Work to be completed:
The output should match the data below line for line.

Records supplied:
definition kblocks :: "nat \<Rightarrow> nat \<Rightarrow> nat set set" where
  "kblocks k n = {{a..a + k - 1} | a. 1 \<le> a \<and> a + k - 1 \<le> n}"

definition Rblk :: "nat \<Rightarrow> nat \<Rightarrow> nat \<Rightarrow> nat set" where
  "Rblk k r i = {(i - 1) * k + 1 .. (i - 1) * k + r}"

definition admissible_a :: "nat \<Rightarrow> nat \<Rightarrow> nat \<Rightarrow> nat \<Rightarrow> (nat \<Rightarrow> nat \<Rightarrow> nat) \<Rightarrow> bool" where
  "admissible_a k r m s a \<longleftrightarrow>
     (\<forall>i\<in>{1..m+1}. strict_mono_on {1..s} (a i) \<and> (\<forall>l\<in>{1..s}. a i l \<in> Rblk k r i)) \<and>
     (\<forall>i\<in>{1..m}. \<forall>l\<in>{1..s}. a (i + 1) l \<le> a i l + k)"

text \<open>Membership of f in the family F_{k,t,q}; the family depends on t and q only through s.
  Here n = k m + r with m = n div k, r = n mod k.\<close>
definition inF :: "nat \<Rightarrow> nat \<Rightarrow> nat \<Rightarrow> (nat \<Rightarrow> int) \<Rightarrow> bool" where
  "inF k s n f \<longleftrightarrow>
     (let m = n div k; r = n mod k in
      \<exists>R S. (if r = 0 then R = {} \<and> S = {}
              else R = (\<Union>i\<in>{1..m+1}. Rblk k r i) \<and>
                   (if s = 0 then S = {}
                    else (\<exists>a. admissible_a k r m s a \<and>
                              S = {a i l | i l. i \<in> {1..m+1} \<and> l \<in> {1..s}}))) \<and>
            (\<exists>\<epsilon>\<in>{1::int, -1}. \<forall>x\<in>{1..n}. \<epsilon> * f x = (if x \<in> R - S then -1 else 1)))"

end

theory Submission
  imports Defs
begin

text \<open>Write \<open>k = t + 2p\<close> and let \<open>N\<close> be the set where \<open>\<epsilon> f = -1\<close>. A \<open>k\<close>-block \<open>B\<close>
  has \<open>|f(B)| > t\<close> iff one of the two signs occurs at most \<open>p - 1\<close> times in \<open>B\<close>; since
  adjacent blocks differ in one place and \<open>2p \<le> k\<close>, the same sign \<open>-\<epsilon>\<close> is the minority in
  every block. Covering \<open>[n]\<close> by \<open>m + 1\<close> blocks gives \<open>|N| \<le> (m + 1)(p - 1)\<close>, and
  \<open>|f([n])| = q\<close> says precisely that equality holds. Equality forces \<open>N \<subseteq> R\<close> with exactly
  \<open>p - 1\<close> elements in each \<open>R\<^sub>i\<close>; the remaining \<open>s\<close> elements \<open>a\<^sup>i\<^sub>1 < \<dots> < a\<^sup>i\<^sub>s\<close>
  of \<open>R\<^sub>i\<close> satisfy \<open>a\<^sup>i\<^sup>+\<^sup>1\<^sub>l \<le> a\<^sup>i\<^sub>l + k\<close>, as otherwise the block just after
  \<open>a\<^sup>i\<^sub>l\<close> would contain \<open>r - (s - 1) = p\<close> elements of \<open>N\<close>. Conversely that condition makes
  every block meet \<open>S\<close> in at least \<open>s\<close> places, hence \<open>R - S\<close> in at most \<open>p - 1\<close>.\<close>

lemma card_less_nth_sorted_list_of_set:
  fixes A :: "nat set"
  assumes "finite A" and "j < card A"
  shows "card {z\<in>A. z < sorted_list_of_set A ! j} = j"
proof -
  let ?xs = "sorted_list_of_set A"
  have xs: "set ?xs = A" "length ?xs = card A" "sorted_wrt (<) ?xs" "distinct ?xs"
    using assms(1) by (auto simp: strict_sorted_list_of_set)
  have "{z\<in>A. z < ?xs ! j} = (!) ?xs ` {0..<j}"
  proof (intro set_eqI iffI)
    fix z assume z: "z \<in> {z\<in>A. z < ?xs ! j}"
    then obtain i where i: "i < length ?xs" "z = ?xs ! i"
      using xs(1) by (metis (no_types, lifting) in_set_conv_nth mem_Collect_eq)
    have "i < j"
    proof (rule ccontr)
      assume "\<not> i < j"
      then have "?xs ! j \<le> ?xs ! i"
        using sorted_wrt_nth_less[OF xs(3), of j i] i by (cases "i = j") auto
      then show False using z i by auto
    qed
    then show "z \<in> (!) ?xs ` {0..<j}" using i by auto
  next
    fix z assume "z \<in> (!) ?xs ` {0..<j}"
    then obtain i where i: "i < j" "z = ?xs ! i" by auto
    then show "z \<in> {z\<in>A. z < ?xs ! j}"
      using sorted_wrt_nth_less[OF xs(3) i(1)] assms(2) xs(1,2) nth_mem[of i ?xs] by auto
  qed
  moreover have "inj_on ((!) ?xs) {0..<j}"
    using xs(2,4) assms(2) by (auto simp: inj_on_def nth_eq_iff_index_eq)
  ultimately show ?thesis by (simp add: card_image)
qed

Exercise response:
definition kblocks :: "nat \<Rightarrow> nat \<Rightarrow> nat set set" where
  "kblocks k n = {{a..a + k - 1} | a. 1 \<le> a \<and> a + k - 1 \<le> n}"

definition Rblk :: "nat \<Rightarrow> nat \<Rightarrow> nat \<Rightarrow> nat set" where
  "Rblk k r i = {(i - 1) * k + 1 .. (i - 1) * k + r}"

definition admissible_a :: "nat \<Rightarrow> nat \<Rightarrow> nat \<Rightarrow> nat \<Rightarrow> (nat \<Rightarrow> nat \<Rightarrow> nat) \<Rightarrow> bool" where
  "admissible_a k r m s a \<longleftrightarrow>
     (\<forall>i\<in>{1..m+1}. strict_mono_on {1..s} (a i) \<and> (\<forall>l\<in>{1..s}. a i l \<in> Rblk k r i)) \<and>
     (\<forall>i\<in>{1..m}. \<forall>l\<in>{1..s}. a (i + 1) l \<le> a i l + k)"

text \<open>Membership of f in the family F_{k,t,q}; the family depends on t and q only through s.
  Here n = k m + r with m = n div k, r = n mod k.\<close>
definition inF :: "nat \<Rightarrow> nat \<Rightarrow> nat \<Rightarrow> (nat \<Rightarrow> int) \<Rightarrow> bool" where
  "inF k s n f \<longleftrightarrow>
     (let m = n div k; r = n mod k in
      \<exists>R S. (if r = 0 then R = {} \<and> S = {}
              else R = (\<Union>i\<in>{1..m+1}. Rblk k r i) \<and>
                   (if s = 0 then S = {}
                    else (\<exists>a. admissible_a k r m s a \<and>
                              S = {a i l | i l. i \<in> {1..m+1} \<and> l \<in> {1..s}}))) \<and>
            (\<exists>\<epsilon>\<in>{1::int, -1}. \<forall>x\<in>{1..n}. \<epsilon> * f x = (if x \<in> R - S then -1 else 1)))"

end

theory Submission
  imports Defs
begin

text \<open>Write \<open>k = t + 2p\<close> and let \<open>N\<close> be the set where \<open>\<epsilon> f = -1\<close>. A \<open>k\<close>-block \<open>B\<close>
  has \<open>|f(B)| > t\<close> iff one of the two signs occurs at most \<open>p - 1\<close> times in \<open>B\<close>; since
  adjacent blocks differ in one place and \<open>2p \<le> k\<close>, the same sign \<open>-\<epsilon>\<close> is the minority in
  every block. Covering \<open>[n]\<close> by \<open>m + 1\<close> blocks gives \<open>|N| \<le> (m + 1)(p - 1)\<close>, and
  \<open>|f([n])| = q\<close> says precisely that equality holds. Equality forces \<open>N \<subseteq> R\<close> with exactly
  \<open>p - 1\<close> elements in each \<open>R\<^sub>i\<close>; the remaining \<open>s\<close> elements \<open>a\<^sup>i\<^sub>1 < \<dots> < a\<^sup>i\<^sub>s\<close>
  of \<open>R\<^sub>i\<close> satisfy \<open>a\<^sup>i\<^sup>+\<^sup>1\<^sub>l \<le> a\<^sup>i\<^sub>l + k\<close>, as otherwise the block just after
  \<open>a\<^sup>i\<^sub>l\<close> would contain \<open>r - (s - 1) = p\<close> elements of \<open>N\<close>. Conversely that condition makes
  every block meet \<open>S\<close> in at least \<open>s\<close> places, hence \<open>R - S\<close> in at most \<open>p - 1\<close>.\<close>

lemma card_less_nth_sorted_list_of_set:
  fixes A :: "nat set"
  assumes "finite A" and "j < card A"
  shows "card {z\<in>A. z < sorted_list_of_set A ! j} = j"
proof -
  let ?xs = "sorted_list_of_set A"
  have xs: "set ?xs = A" "length ?xs = card A" "sorted_wrt (<) ?xs" "distinct ?xs"
    using assms(1) by (auto simp: strict_sorted_list_of_set)
  have "{z\<in>A. z < ?xs ! j} = (!) ?xs ` {0..<j}"
  proof (intro set_eqI iffI)
    fix z assume z: "z \<in> {z\<in>A. z < ?xs ! j}"
    then obtain i where i: "i < length ?xs" "z = ?xs ! i"
      using xs(1) by (metis (no_types, lifting) in_set_conv_nth mem_Collect_eq)
    have "i < j"
    proof (rule ccontr)
      assume "\<not> i < j"
      then have "?xs ! j \<le> ?xs ! i"
        using sorted_wrt_nth_less[OF xs(3), of j i] i by (cases "i = j") auto
      then show False using z i by auto
    qed
    then show "z \<in> (!) ?xs ` {0..<j}" using i by auto
  next
    fix z assume "z \<in> (!) ?xs ` {0..<j}"
    then obtain i where i: "i < j" "z = ?xs ! i" by auto
    then show "z \<in> {z\<in>A. z < ?xs ! j}"
      using sorted_wrt_nth_less[OF xs(3) i(1)] assms(2) xs(1,2) nth_mem[of i ?xs] by auto
  qed
  moreover have "inj_on ((!) ?xs) {0..<j}"
    using xs(2,4) assms(2) by (auto simp: inj_on_def nth_eq_iff_index_eq)
  ultimately show ?thesis by (simp add: card_image)
qed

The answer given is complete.